SNES Cartridges and Enhancement Chips - ilamont
https://twitter.com/i/status/1177644211790729216
======
patrickyeon
A little bit meta here, but I know it's going to come up: somebody is going to
complain that Twitter is the wrong way to write this content. How they loved
it but were infuriated to read it in snippets. Pre-emptively, I'm copy-pasting
an earlier comment of mine on this:

> Heh, from foone themself:
> [https://threadreaderapp.com/thread/1066547670477488128.html](https://threadreaderapp.com/thread/1066547670477488128.html)

> Not to humblebrag or anything, but my favorite part of getting posted on
> hackernews or reddit is that EVERY SINGLE TIME there's one highly-ranked
> reply that's "jesus man, this could have been a blog post! why make 20
> tweets when you can make one blog post?" CAUSE I CAN'T MAKE A BLOG POST, GOD
> DAMN IT.

> The short story is they are quite open about having ADHD, and that's what
> causes the long twitter rambles, but also what makes it very difficult to
> assemble it into a blog post.

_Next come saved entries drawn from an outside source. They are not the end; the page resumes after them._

lemma Domain_Int_Range: "Domain (expansion_pairs Ks) \<inter> Range (expansion_pairs Ks) = {}"
proof -
  have False if lower: "(x, \<tau>) \<in> expansion_pairs Ks" and upper: "(\<sigma>, x) \<in> expansion_pairs Ks" for x \<sigma> \<tau>
  proof -
    obtain i where "i < n" and i: "Ks ! Suc i - Ks ! i = {x, \<tau>}" and "x \<subset> \<tau>"
      using expansion_pair_added[OF lower] by blast
    obtain j where "j < n" and j: "Ks ! Suc j - Ks ! j = {\<sigma>, x}" and "\<sigma> \<subset> x"
      using expansion_pair_added[OF upper] by blast
    have "i = j"
      using added_once[of i j x] \<open>i < n\<close> \<open>j < n\<close> i j by blast
    then have "\<tau> \<in> {\<sigma>, x}"
      using i j by (metis insertI1 insertI2)
    then have "\<tau> = \<sigma>"
      using \<open>x \<subset> \<tau>\<close> by blast
    then show False
      using \<open>x \<subset> \<tau>\<close> \<open>\<sigma> \<subset> x\<close> by (metis order.asym)
  qed
  then show ?thesis
    by blast
qed

lemma single_valued_expansion_pairs: "single_valued (expansion_pairs Ks)"
proof (rule single_valuedI)
  fix \<sigma> \<tau> \<tau>'
  assume pair: "(\<sigma>, \<tau>) \<in> expansion_pairs Ks" and pair': "(\<sigma>, \<tau>') \<in> expansion_pairs Ks"
  obtain i where "i < n" and i: "Ks ! Suc i - Ks ! i = {\<sigma>, \<tau>}" and "\<sigma> \<subset> \<tau>"
    using expansion_pair_added[OF pair] by blast
  obtain j where "j < n" and j: "Ks ! Suc j - Ks ! j = {\<sigma>, \<tau>'}"
    using expansion_pair_added[OF pair'] by blast
  have "i = j"
    using added_once[of i j \<sigma>] \<open>i < n\<close> \<open>j < n\<close> i j by blast
  then have "\<tau> \<in> {\<sigma>, \<tau>'}"
    using i j by (metis insertI1 insertI2)
  then show "\<tau> = \<tau>'"
    using \<open>\<sigma> \<subset> \<tau>\<close> by blast
qed
lemma GO_fixing_nondegenerate_hyperplane:
  fixes Q :: "complex^'r^'r"
  assumes nf: "nondeg_form Q" and phi: "phi \<in> GO Q" and r: "CARD('r) \<ge> 2"
    and W: "vec.subspace W" "nondegenerate_on Q W" and dim: "vec.dim W + 1 = CARD('r)"
    and fixed: "\<forall>w\<in>W. phi *v w = w"
  shows "phi = mat 1 \<or> (\<exists>u. omega Q u u \<noteq> 0 \<and> (\<forall>v. phi *v v = reflection Q u v))"
proof -
  have sym: "transpose Q = Q" using nf by (simp add: nondeg_form_def)
  have "W \<noteq> {0}" using dim r by auto
  then obtain w0 where w0: "w0 \<in> W" "omega Q w0 w0 \<noteq> 0"
    using nondegenerate_anisotropic_exists[OF sym W] by blast
  have isometry: "omega Q (phi *v v) (phi *v v') = omega Q v v'" for v v'
    using GO_fixing_anisotropic_isometry[OF sym phi _ w0(2)] fixed w0(1) by blast
  obtain u where u: "omega Q u u \<noteq> 0" "\<forall>w\<in>W. omega Q u w = 0" "\<And>z. \<exists>t. z - t *s u \<in> W"
    using nondegenerate_hyperplane_normal[OF nf W dim] by blast
  obtain t where "phi *v u - t *s u \<in> W" using u(3) by blast
  then have phi_u: "phi *v u = t *s u" and "t = 1 \<or> t = -1"
    using isometry_fixing_hyperplane_normal[OF isometry W(2) fixed u(1,2)] by blast+
  have phi_v: "phi *v v = v - ((1 - t) * (omega Q v u / omega Q u u)) *s u" for v
  proof -
    obtain s where s: "v - s *s u \<in> W" using u(3) by blast
    have "omega Q (v - s *s u) u = 0" using u(2) s omega_commute[OF sym] by metis
    then have s_eq: "s = omega Q v u / omega Q u u" using u(1) by (simp add: omega_linear field_simps)
    have "phi *v v = phi *v (v - s *s u) + s *s (phi *v u)"
      by (metis diff_add_cancel matrix_vector_right_distrib vec.scale)
    also have "\<dots> = (v - s *s u) + s *s (t *s u)" using fixed s phi_u by simp
    also have "\<dots> = v - ((1 - t) * s) *s u" by (simp add: vec_eq_iff algebra_simps)
    finally show ?thesis using s_eq by simp
  qed
  from \<open>t = 1 \<or> t = -1\<close> show ?thesis
  proof
    assume "t = 1"
    then show ?thesis using phi_v by (simp add: matrix_eq)
  next
    assume "t = -1"
    then show ?thesis using phi_v u(1) by (auto simp: reflection_def)
  qed
qed

section \<open>The map tau\<close>

lemma transpose_mult_vector_entry:
  assumes "transpose Q = Q"
  shows "((transpose F ** Q) *v z)$j = omega Q z (column j F)"
proof -
  have "((transpose F ** Q) *v z)$j = (\<Sum>k\<in>UNIV. (\<Sum>l\<in>UNIV. F$l$j * Q$l$k) * z$k)"
    by (simp add: matrix_vector_mult_def matrix_matrix_mult_def transpose_def)
  also have "\<dots> = (\<Sum>k\<in>UNIV. \<Sum>l\<in>UNIV. z$k * Q$k$l * F$l$j)"
    using symmetric_entry[OF assms]
    by (simp add: sum_distrib_right mult.commute mult.left_commute, simp add: sum_distrib_left)
  finally show ?thesis unfolding omega_expand by (simp add: column_def)
qed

Every once in a while foone's wife will edit a
> popular thread into a blog post, examples:
> [https://foone.wordpress.com/](https://foone.wordpress.com/)

> If this seems like a particularly good story to you, maybe you'd like to
> edit it into a draft for a blog post and gift that to foone?

[https://news.ycombinator.com/item?id=19884445](https://news.ycombinator.com/item?id=19884445)

And yeah, as soon as I saw "SNES Cartridges and Enhancement Chips" and the
twitter domain, I felt about 90% sure it wouuld be linking to a foone
tweetstorm.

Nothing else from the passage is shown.